**Records for this exercise:**
---+---
(* Let $S\subseteq\mathbb{F}_2^{27}$ be the linear subspace spanned by the six vectors (written as bit strings, coordinate $1$ leftmost, coordinate $27$ rightmost) $\xi^1 = 100010001010101010100011110$, $\xi^2 = 101010111001100000001010101$, $\xi^3 = 011001100111100111100110011$, $\xi^4 = 000111100000011001100001111$, $\xi^5 = 000000011111111000011111111$, $\xi^6 = 000000000000000111111111111$, and let $Q:\mathbb{F}_2^{27}\to\mathbb{F}_2$ be the quadratic form $Q(x)= x_{1}x_{2} + x_{1}x_{3} + x_{1}x_{8} + x_{2}x_{4} + x_{2}x_{8} + x_{2}x_{16} + x_{3}x_{4} + x_{3}x_{8} + x_{3}x_{16} + x_{4}x_{8} + x_{8}x_{16}$ (arithmetic mod $2$). Define the (normalized) 27-qubit states $|S\rangle = \frac{1}{\sqrt{|S|}}\sum_{x\in S}|x\rangle$ and $|Q,S\rangle=\frac{1}{\sqrt{|S|}}\sum_{x\in S}(-1)^{Q(x)}|x\rangle$. Then $|S\rangle$ and $|Q,S\rangle$ are stabilizer states which are local unitary (LU) equivalent but not local Clifford (LC) equivalent. In particular, the LU-LC conjecture (every two LU equivalent stabilizer states are LC equivalent) is false.
   Context: Pauli matrices $X,Y,Z$; the Pauli group $\mathcal{G}$ is generated by them. An $n$-qubit stabilizer state is the unique common $+1$ eigenvector of an Abelian subgroup of $\mathcal{G}^{\otimes n}$ of cardinality $2^n$ not containing $-I^{\otimes n}$. A single-qubit Clifford operator is a $2\times 2$ unitary $U$ with $U\mathcal{G}U^\dagger=\mathcal{G}$. Two $n$-qubit states $|\psi_0\rangle,|\psi_1\rangle$ are LU equivalent if $\bigotimes_{j=1}^n U_j|\psi_0\rangle=|\psi_1\rangle$ for some single-qubit unitaries $U_j$, and LC equivalent if this holds with all $U_j$ Clifford operators. $|x\rangle$ denotes the computational basis state labelled by $x\in\mathbb{F}_2^{27}$. *)

theory Defs
  imports Complex_Main
begin

text \<open>An n-qubit state is a complex function on bit strings (bool lists) which vanishes
outside the strings of length n; coordinate j of a string (j = 0,...,n-1) is qubit j+1.
A single-qubit operator is a 2x2 complex matrix indexed by bool (False = |0>, True = |1>),
an n-qubit operator is a matrix indexed by bit strings.\<close>

type_synonym qstate = "bool list \<Rightarrow> complex"
type_synonym qop1 = "bool \<Rightarrow> bool \<Rightarrow> complex"
type_synonym qop = "bool list \<Rightarrow> bool list \<Rightarrow> complex"

definition bitstrings :: "nat \<Rightarrow> bool list set" where
  "bitstrings n = {xs. length xs = n}"

definition is_state :: "nat \<Rightarrow> qstate \<Rightarrow> bool" where
  "is_state n \<psi> \<longleftrightarrow> (\<forall>x. length x \<noteq> n \<longrightarrow> \<psi> x = 0)"

definition apply_op :: "nat \<Rightarrow> qop \<Rightarrow> qstate \<Rightarrow> qstate" where
  "apply_op n A \<psi> = (\<lambda>y. if length y = n then (\<Sum>x\<in>bitstrings n. A y x * \<psi> x) else 0)"

definition mult_op :: "nat \<Rightarrow> qop \<Rightarrow> qop \<Rightarrow> qop" where
  "mult_op n A B = (\<lambda>y z. \<Sum>x\<in>bitstrings n. A y x * B x z)"

definition kron :: "nat \<Rightarrow> (nat \<Rightarrow> qop1) \<Rightarrow> qop" where
  "kron n Us = (\<lambda>y x. if length y = n \<and> length x = n
                        then (\<Prod>j<n. Us j (y ! j) (x ! j)) else 0)"

definition mult1 :: "qop1 \<Rightarrow> qop1 \<Rightarrow> qop1" where
  "mult1 A B = (\<lambda>a c. \<Sum>b\<in>(UNIV::bool set). A a b * B b c)"

definition adj1 :: "qop1 \<Rightarrow> qop1" where
  "adj1 A = (\<lambda>a b. cnj (A b a))"

definition id1 :: qop1 where
  "id1 = (\<lambda>a b. if a = b then 1 else 0)"

definition id_op :: "nat \<Rightarrow> qop" where
  "id_op n = kron n (\<lambda>_. id1)"

definition pauliX :: qop1 where
  "pauliX = (\<lambda>a b. if a \<noteq> b then 1 else 0)"

definition pauliY :: qop1 where
  "pauliY = (\<lambda>a b. if a = b then 0 else if a then \<i> else - \<i>)"

definition pauliZ :: qop1 where
  "pauliZ = (\<lambda>a b. if a = b then (if a then -1 else 1) else 0)"

text \<open>The single-qubit Pauli group: the group generated by X, Y, Z (a finite set of
invertible matrices, so closure under multiplication already yields the generated group).\<close>
inductive_set pauli_group1 :: "qop1 set" where
  genX: "pauliX \<in> pauli_group1"
| genY: "pauliY \<in> pauli_group1"
| genZ: "pauliZ \<in> pauli_group1"
| mult: "A \<in> pauli_group1 \<Longrightarrow> B \<in> pauli_group1 \<Longrightarrow> mult1 A B \<in> pauli_group1"

definition pauli_group :: "nat \<Rightarrow> qop set" where
  "pauli_group n = {kron n Ps | Ps. \<forall>j<n. Ps j \<in> pauli_group1}"

definition unitary1 :: "qop1 \<Rightarrow> bool" where
  "unitary1 U \<longleftrightarrow> mult1 U (adj1 U) = id1 \<and> mult1 (adj1 U) U = id1"

definition clifford1 :: "qop1 \<Rightarrow> bool" where
  "clifford1 U \<longleftrightarrow> unitary1 U \<and>
     (\<lambda>P. mult1 U (mult1 P (adj1 U))) ` pauli_group1 = pauli_group1"

definition stabilizer_state :: "nat \<Rightarrow> qstate \<Rightarrow> bool" where
  "stabilizer_state n \<psi> \<longleftrightarrow> is_state n \<psi> \<and> \<psi> \<noteq> (\<lambda>_. 0) \<and>
     (\<exists>G. G \<subseteq> pauli_group n \<and>
          id_op n \<in> G \<and>
          (\<forall>A\<in>G. \<forall>B\<in>G. mult_op n A B \<in> G) \<and>
          (\<forall>A\<in>G. \<exists>B\<in>G. mult_op n A B = id_op n) \<and>
          (\<forall>A\<in>G. \<forall>B\<in>G. mult_op n A B = mult_op n B A) \<and>
          card G = 2 ^ n \<and>
          (\<lambda>y x. - id_op n y x) \<notin> G \<and>
          (\<forall>A\<in>G. apply_op n A \<psi> = \<psi>) \<and>
          (\<forall>\<phi>. is_state n \<phi> \<and> (\<forall>A\<in>G. apply_op n A \<phi> = \<phi>) \<longrightarrow>
                (\<exists>c. \<phi> = (\<lambda>x. c * \<psi> x))))"

definition LU_equiv :: "nat \<Rightarrow> qstate \<Rightarrow> qstate \<Rightarrow> bool" where
  "LU_equiv n \<psi>0 \<psi>1 \<longleftrightarrow>
     (\<exists>Us. (\<forall>j<n. unitary1 (Us j)) \<and> apply_op n (kron n Us) \<psi>0 = \<psi>1)"

definition LC_equiv :: "nat \<Rightarrow> qstate \<Rightarrow> qstate \<Rightarrow> bool" where
  "LC_equiv n \<psi>0 \<psi>1 \<longleftrightarrow>
     (\<exists>Us. (\<forall>j<n. clifford1 (Us j)) \<and> apply_op n (kron n Us) \<psi>0 = \<psi>1)"

definition bits :: "string \<Rightarrow> bool list" where
  "bits s = map (\<lambda>c. c = CHR ''1'') s"

definition xi :: "bool list list" where
  "xi = map bits
    [''100010001010101010100011110'',
     ''101010111001100000001010101'',
     ''011001100111100111100110011'',
     ''000111100000011001100001111'',
     ''000000011111111000011111111'',
     ''000000000000000111111111111'']"

definition f2_span :: "nat \<Rightarrow> bool list list \<Rightarrow> bool list set" where
  "f2_span n vs = {foldr (\<lambda>(b, v) acc. if b then map2 (\<noteq>) v acc else acc)
                      (zip cs vs) (replicate n False) | cs. length cs = length vs}"

definition S27 :: "bool list set" where
  "S27 = f2_span 27 xi"

text \<open>Q(x) with x_k = x ! (k-1); Q(x)=1 iff an odd number of the monomials are 1.\<close>
definition Q27 :: "bool list \<Rightarrow> bool" where
  "Q27 x = odd (length (filter id
     [x!0 \<and> x!1, x!0 \<and> x!2, x!0 \<and> x!7, x!1 \<and> x!3,
      x!1 \<and> x!7, x!1 \<and> x!15, x!2 \<and> x!3, x!2 \<and> x!7,
      x!2 \<and> x!15, x!3 \<and> x!7, x!7 \<and> x!15]))"

definition ket_S :: qstate where
  "ket_S = (\<lambda>x. if x \<in> S27 then 1 / complex_of_real (sqrt (real (card S27))) else 0)"

definition ket_QS :: qstate where
  "ket_QS = (\<lambda>x. if x \<in> S27
                 then (-1) ^ (if Q27 x then 1 else 0) / complex_of_real (sqrt (real (card S27)))
                 else 0)"

end

theory Submission
  imports Defs
begin

text \<open>
  \<open>|S\<rangle>\<close> is stabilized by the operators \<open>X\<^sup>a Z\<^sup>b\<close> with \<open>a \<in> S\<close> and \<open>b \<in> S\<^sup>\<perp>\<close>, and
  \<open>|Q,S\<rangle>\<close> is obtained from it by the diagonal Clifford operator \<open>diag ((-1)\<^sup>Q\<^sup>(\<^sup>x\<^sup>))\<close>, because \<open>Q\<close> is
  a quadratic form; so both are stabilizer states. Phase gates \<open>diag (1, cis (\<pi> c\<^sub>j / 4))\<close> with
  \<open>\<Sum>\<^sub>j c\<^sub>j x\<^sub>j \<equiv> 4 Q(x) (mod 8)\<close> on \<open>S\<close> map \<open>|S\<rangle>\<close> to \<open>|Q,S\<rangle>\<close>.

  Suppose local Clifford operators \<open>U\<^sub>j\<close> map \<open>|S\<rangle>\<close> to \<open>|Q,S\<rangle>\<close>. Every qubit lies in the support
  of some \<open>b \<in> S\<^sup>\<perp>\<close> of weight at most 6, while nonzero codewords of \<open>S\<close> have weight at least 12;
  conjugating the stabilizer \<open>Z\<^sup>b\<close> by \<open>\<Otimes>U\<^sub>j\<close> then shows that each \<open>U\<^sub>j Z U\<^sub>j\<^sup>\<dagger>\<close> is diagonal,
  i.e.\ each \<open>U\<^sub>j\<close> is monomial, and its two nonzero entries differ by a fourth root of unity.
  Hence \<open>(-1)\<^sup>Q\<^sup>(\<^sup>y\<^sup>) = \<Prod>\<^sub>j d\<^sub>j(y\<^sub>j)\<close> on \<open>S\<close> with \<open>d\<^sub>j(1)\<^sup>4 = d\<^sub>j(0)\<^sup>4\<close>. Multiplying these identities
  over a family of codewords that covers every coordinate a multiple of four times, but meets
  \<open>Q = 1\<close> an odd number of times, gives \<open>-1 = 1\<close>.
\<close>

lemma card_bitstrings: "card (bitstrings n) = 2 ^ n"
proof -
  have "bitstrings n = {xs. set xs \<subseteq> (UNIV::bool set) \<and> length xs = n}" by (auto simp: bitstrings_def)
  thus ?thesis using card_lists_length_eq[of "UNIV::bool set" n] by (simp add: card_UNIV_bool)
qed

lemma finite_bitstrings [simp]: "finite (bitstrings n)"
  using card_bitstrings[of n] by (intro card_ge_0_finite) simp

lemma bitstrings_Suc: "bitstrings (Suc n) = Cons False ` bitstrings n \<union> Cons True ` bitstrings n"
proof
  show "bitstrings (Suc n) \<subseteq> Cons False ` bitstrings n \<union> Cons True ` bitstrings n"
  proof
    fix x assume "x \<in> bitstrings (Suc n)"
    then obtain b xs where "x = b # xs" "length xs = n" by (auto simp: bitstrings_def length_Suc_conv)
    thus "x \<in> Cons False ` bitstrings n \<union> Cons True ` bitstrings n" by (cases b) (auto simp: bitstrings_def)
  qed
qed (auto simp: bitstrings_def)

lemma sum_bitstrings_prod:
  fixes f :: "nat \<Rightarrow> bool \<Rightarrow> 'a::comm_semiring_1"
  shows "(\<Sum>x\<in>bitstrings n. \<Prod>j<n. f j (x!j)) = (\<Prod>j<n. f j False + f j True)"
proof (induction n arbitrary: f)
  case 0
  have "bitstrings 0 = {[]}" by (auto simp: bitstrings_def)
  thus ?case by simp
next
  case (Suc n)
  have "(\<Sum>x\<in>bitstrings (Suc n). \<Prod>j<Suc n. f j (x!j))
      = (\<Sum>x\<in>Cons False ` bitstrings n. \<Prod>j<Suc n. f j (x!j))
        + (\<Sum>x\<in>Cons True ` bitstrings n. \<Prod>j<Suc n. f j (x!j))"
    unfolding bitstrings_Suc by (rule sum.union_disjoint) auto
  also have "\<dots> = (\<Sum>x\<in>bitstrings n. f 0 False * (\<Prod>j<n. f (Suc j) (x!j)))
                 + (\<Sum>x\<in>bitstrings n. f 0 True * (\<Prod>j<n. f (Suc j) (x!j)))"
    by (simp add: sum.reindex prod.lessThan_Suc_shift del: prod.lessThan_Suc)
  also have "\<dots> = (f 0 False + f 0 True) * (\<Prod>j<n. f (Suc j) False + f (Suc j) True)"
    using Suc[of "\<lambda>j. f (Suc j)"] by (simp add: sum_distrib_left[symmetric] distrib_right)
  also have "\<dots> = (\<Prod>j<Suc n. f j False + f j True)"
    by (simp add: prod.lessThan_Suc_shift del: prod.lessThan_Suc)
  finally show ?case .
qed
---+---
**Problem to work on:** Find "True * (\<Prod>j<n." in the records. Copy its line and every line after it, exactly, through the last one.

**Answer to the exercise:**
                 + (\<Sum>x\<in>bitstrings n. f 0 True * (\<Prod>j<n. f (Suc j) (x!j)))"
    by (simp add: sum.reindex prod.lessThan_Suc_shift del: prod.lessThan_Suc)
  also have "\<dots> = (f 0 False + f 0 True) * (\<Prod>j<n. f (Suc j) False + f (Suc j) True)"
    using Suc[of "\<lambda>j. f (Suc j)"] by (simp add: sum_distrib_left[symmetric] distrib_right)
  also have "\<dots> = (\<Prod>j<Suc n. f j False + f j True)"
    by (simp add: prod.lessThan_Suc_shift del: prod.lessThan_Suc)
  finally show ?case .
qed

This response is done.